From Donuts to "Epilectra"
Every 20 years or so, I’m diagnosed with a different autoimmune disorder. At 8, it was Hashimoto’s Disease (hypothyroidism). At 30, type 1 diabetes. At 50, I had my first tonic-clonic seizure. Seven months and two more seizures later, a neurologist officially diagnosed me with epilepsy. It started me on a roller coaster ride of medication trial and error. Over time, I had complex partial absence seizures every four to six weeks.
It was a long time before I could even say get myself to say “seizure.” I substituted “donut” since, as a type 1 diabetic, donuts were among my most taboo foods. I even found a donut icon to use in my calendar that noted when my seizures took place.
I began volunteering in the seizure monitoring unit at a local hospital, where my life and my attitude about epilepsy began to change. I found that most people I helped had two things in common. They had given up on their life’s dreams because of epilepsy, and they considered me “brave” and “heroic” for coming in to volunteer with them with epilepsy. I didn’t think I was either of these things. I was doing something I loved — volunteering.
I took the necessary precautions like utilizing public transportation, wearing a medic alert bracelet, and letting people I worked with know about my epilepsy and what to do if I ever had a seizure. While there, I created a pamphlet for patients called "SEIZE," which stood for Supporting & Empowering Inpatients Zealously Everyday. In it, I listed all sorts of resources to help people live more independent lives. There was information on public transportation, service animals, online education, and more.

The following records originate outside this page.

lemma cp_decomp_reduce_to_box:
  assumes "finite I" "cp_decomp A I a b c" "cp_cost I a b c \<le> C"
  obtains a' b' c' where "cp_decomp A {..<n1 * n2 * n3 + 1} a' b' c'"
    "cp_cost {..<n1 * n2 * n3 + 1} a' b' c' = cp_cost I a b c"
    "\<And>k p. \<bar>a' k p\<bar> \<le> root 3 C" "\<And>k p. \<bar>b' k p\<bar> \<le> root 3 C" "\<And>k p. \<bar>c' k p\<bar> \<le> root 3 C"
proof -
  obtain I' a1 where I': "I' \<subseteq> I" "card I' \<le> n1 * n2 * n3 + 1" "cp_decomp A I' a1 b c"
    "cp_cost I' a1 b c = cp_cost I a b c"
    using cp_decomp_card_le[OF assms(1,2)] by blast
  obtain a2 b2 c2 where bal: "cp_decomp A I' a2 b2 c2" "term_norm a2 b2 c2 = term_norm a1 b c"
    "\<And>i. vnorm n1 (a2 i) = root 3 (term_norm a1 b c i)"
    "\<And>i. vnorm n2 (b2 i) = root 3 (term_norm a1 b c i)"
    "\<And>i. vnorm n3 (c2 i) = root 3 (term_norm a1 b c i)"
    using cp_decomp_balance[OF I'(3)] by blast
  have fin: "finite I'"
    using I'(1) assms(1) by (rule finite_subset)
  have "term_norm a1 b c i \<le> C" if "i \<in> I'" for i
  proof -
    have "term_norm a1 b c i \<le> cp_cost I' a1 b c"
      unfolding cp_cost_def using fin that by (intro member_le_sum term_norm_nonneg)
    with I'(4) assms(3) show ?thesis by simp
  qed
  then have "root 3 (term_norm a1 b c i) \<le> root 3 C" if "i \<in> I'" for i
    using that by simp
  moreover have "root 3 C \<ge> 0"
    using assms(3) cp_cost_nonneg[of I a b c] by simp
  ultimately obtain a' b' c' where "cp_decomp A {..<n1 * n2 * n3 + 1} a' b' c'"
    "cp_cost {..<n1 * n2 * n3 + 1} a' b' c' = cp_cost I' a2 b2 c2"
    "\<And>k p. \<bar>a' k p\<bar> \<le> root 3 C" "\<And>k p. \<bar>b' k p\<bar> \<le> root 3 C" "\<And>k p. \<bar>c' k p\<bar> \<le> root 3 C"
    using cp_decomp_pad[OF fin I'(2) bal(1), of "root 3 C"] bal(3-5) by metis
  moreover have "cp_cost I' a2 b2 c2 = cp_cost I a b c"
    using I'(4) bal(2) unfolding cp_cost_def by simp
  ultimately show thesis
    using that by simp
qed

lemma continuous_on_cp_cost:
  "continuous_on S (\<lambda>x. cp_cost {..<M} (fst x) (fst (snd x)) (snd (snd x)))"
  unfolding cp_cost_def term_norm_def vnorm_def by (intro continuous_intros)

lemma closed_cp_decomp:
  "closed {x. cp_decomp A {..<M} (fst x) (fst (snd x)) (snd (snd x))}"
proof -
  have closed_imp: "closed {x. P \<longrightarrow> Q x}" if "closed {x. Q x}" for P and Q :: "_ \<Rightarrow> bool"
    using that by (cases P) auto
  show ?thesis
    unfolding cp_decomp_def
    by (intro closed_Collect_all closed_imp closed_Collect_eq continuous_intros)
qed

lemma cp_cost_minimum_exists:
  "\<exists>(r::nat) a b c. cp_decomp A {..<r} a b c \<and>
     (\<forall>(r'::nat) a' b' c'. cp_decomp A {..<r'} a' b' c' \<longrightarrow> cp_cost {..<r} a b c \<le> cp_cost {..<r'} a' b' c')"
proof -
  define M where "M = n1 * n2 * n3 + 1"
  let ?cost = "\<lambda>x. cp_cost {..<M} (fst x) (fst (snd x)) (snd (snd x))"
  obtain a0 b0 c0 where decomp0: "cp_decomp A ({..<n1} \<times> {..<n2} \<times> {..<n3}) a0 b0 c0"
    using cp_decomp_standard by blast
  define C where "C = cp_cost ({..<n1} \<times> {..<n2} \<times> {..<n3}) a0 b0 c0"
  define Box where "Box = {a :: nat \<Rightarrow> nat \<Rightarrow> real. \<forall>i p. \<bar>a i p\<bar> \<le> root 3 C}"
  define K where "K = (Box \<times> Box \<times> Box) \<inter> {x. cp_decomp A {..<M} (fst x) (fst (snd x)) (snd (snd x))}"
  have into_K: "\<exists>x\<in>K. ?cost x = cp_cost I a b c"
    if "finite I" "cp_decomp A I a b c" "cp_cost I a b c \<le> C" for I :: "'j set" and a b c
  proof -
    from cp_decomp_reduce_to_box[OF that] obtain a' b' c' where "cp_decomp A {..<M} a' b' c'"
      "cp_cost {..<M} a' b' c' = cp_cost I a b c"
      "\<And>k p. \<bar>a' k p\<bar> \<le> root 3 C" "\<And>k p. \<bar>b' k p\<bar> \<le> root 3 C" "\<And>k p. \<bar>c' k p\<bar> \<le> root 3 C"
      unfolding M_def by blast
    then show ?thesis
      by (intro bexI[of _ "(a', b', c')"]) (auto simp: K_def Box_def)
  qed
  have "finite ({..<n1} \<times> {..<n2} \<times> {..<n3})"
    by simp
  from into_K[OF this decomp0] obtain x0 where x0: "x0 \<in> K" "?cost x0 \<le> C"
    unfolding C_def by auto
  have "compact K"
    unfolding K_def Box_def
    by (intro compact_Int_closed compact_Times compact_bounded_fun2 closed_cp_decomp)
  moreover have "K \<noteq> {}"
    using x0(1) by blast
  ultimately obtain xmin where xmin: "xmin \<in> K" "\<And>y. y \<in> K \<Longrightarrow> ?cost xmin \<le> ?cost y"
    using continuous_attains_inf[OF _ _ continuous_on_cp_cost] by meson
  have "?cost xmin \<le> cp_cost {..<r'} a' b' c'" if "cp_decomp A {..<r'} a' b' c'" for r' :: nat and a' b' c'
  proof (cases "cp_cost {..<r'} a' b' c' \<le> C")
    case True
    from into_K[OF finite_lessThan that True] obtain y where "y \<in> K" "?cost y = cp_cost {..<r'} a' b' c'"
      by blast
    with xmin(2) show ?thesis by fastforce
  next
    case False
    with xmin(2)[OF x0(1)] x0(2) show ?thesis by simp
  qed
  moreover have "cp_decomp A {..<M} (fst xmin) (fst (snd xmin)) (snd (snd xmin))"
    using xmin(1) unfolding K_def by blast
  ultimately show ?thesis
    by (intro exI[of _ M] exI[of _ "fst xmin"] exI[of _ "fst (snd xmin)"] exI[of _ "snd (snd xmin)"]) simp
qed

lemma tensor_nuclear_norm_eq_Inf_cp_cost:
  "tensor_nuclear_norm n1 n2 n3 A =
    Inf {cp_cost {..<r} a b c | (r::nat) a b c. cp_decomp A {..<r} a b c}"
  unfolding tensor_nuclear_norm_def cp_cost_def term_norm_def cp_decomp_def by simp

lemma tensor_nuclear_norm_le_cp_cost:
  fixes r :: nat
  assumes "cp_decomp A {..<r} a b c"
  shows "tensor_nuclear_norm n1 n2 n3 A \<le> cp_cost {..<r} a b c"
  unfolding tensor_nuclear_norm_eq_Inf_cp_cost
  by (rule cInf_lower) (use assms cp_cost_nonneg in \<open>auto intro!: bdd_belowI[of _ 0]\<close>)

lemma tensor_nuclear_norm_attained:
  "\<exists>(r::nat) a b c. cp_decomp A {..<r} a b c \<and> cp_cost {..<r} a b c = tensor_nuclear_norm n1 n2 n3 A"
proof -
  obtain r :: nat and a b c where decomp: "cp_decomp A {..<r} a b c" and
    min: "\<And>(r'::nat) a' b' c'. cp_decomp A {..<r'} a' b' c' \<Longrightarrow> cp_cost {..<r} a b c \<le> cp_cost {..<r'} a' b' c'"
    using cp_cost_minimum_exists[of A] by blast
  have "cp_cost {..<r} a b c \<le> tensor_nuclear_norm n1 n2 n3 A"
    unfolding tensor_nuclear_norm_eq_Inf_cp_cost
    by (rule cInf_greatest) (use decomp min in auto)
  with tensor_nuclear_norm_le_cp_cost[OF decomp] decomp show ?thesis
    by (intro exI[of _ r] exI[of _ a] exI[of _ b] exI[of _ c]) simp
qed

end

lemma mat_mul_diag_mat: "l < D \<Longrightarrow> mat_mul D U (diag_mat r) i l = U i l * r l"
  unfolding mat_mul_def diag_mat_def by (simp add: if_distrib cong: if_cong)

lemma transp_diag_mat: "transp_mat (diag_mat r) = diag_mat r"
  unfolding transp_mat_def diag_mat_def by (intro ext) auto

lemma mat_mul_diag_mat_transp:
  "mat_mul D (mat_mul D U (diag_mat r)) (transp_mat V) i k = (\<Sum>d<D. U i d * r d * V k d)"
  unfolding mat_mul_def[of D "mat_mul D U (diag_mat r)"] transp_mat_def
  by (simp add: mat_mul_diag_mat)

My husband’s job took us to New York City, and then the pandemic hit. My experiences volunteering at the hospital got me thinking that maybe people needed a real hero, living their life to its fullest while managing epilepsy. This led me to write “Epilectra,” the graphic novel series about a superhero with epilepsy who transforms her disability into a super ability. Epilectra can channel the errant electrical activity in her brain that causes her seizures through her fingertips as lightning. She also forms and leads Team SEEZ (Support & Empower Everyone Zealously), derived from the original pamphlet I created. In the novel, Team SEEZ is for superheroes with different disabilities who turn their disabilities into superpowers. The characters introduced have type 1 diabetes, autism, cerebral palsy, and endometriosis.
Being diagnosed with epilepsy was probably one of the best things that have ever happened to me because it led me to write “Epilectra,” which is my life’s calling, passion, and superpower!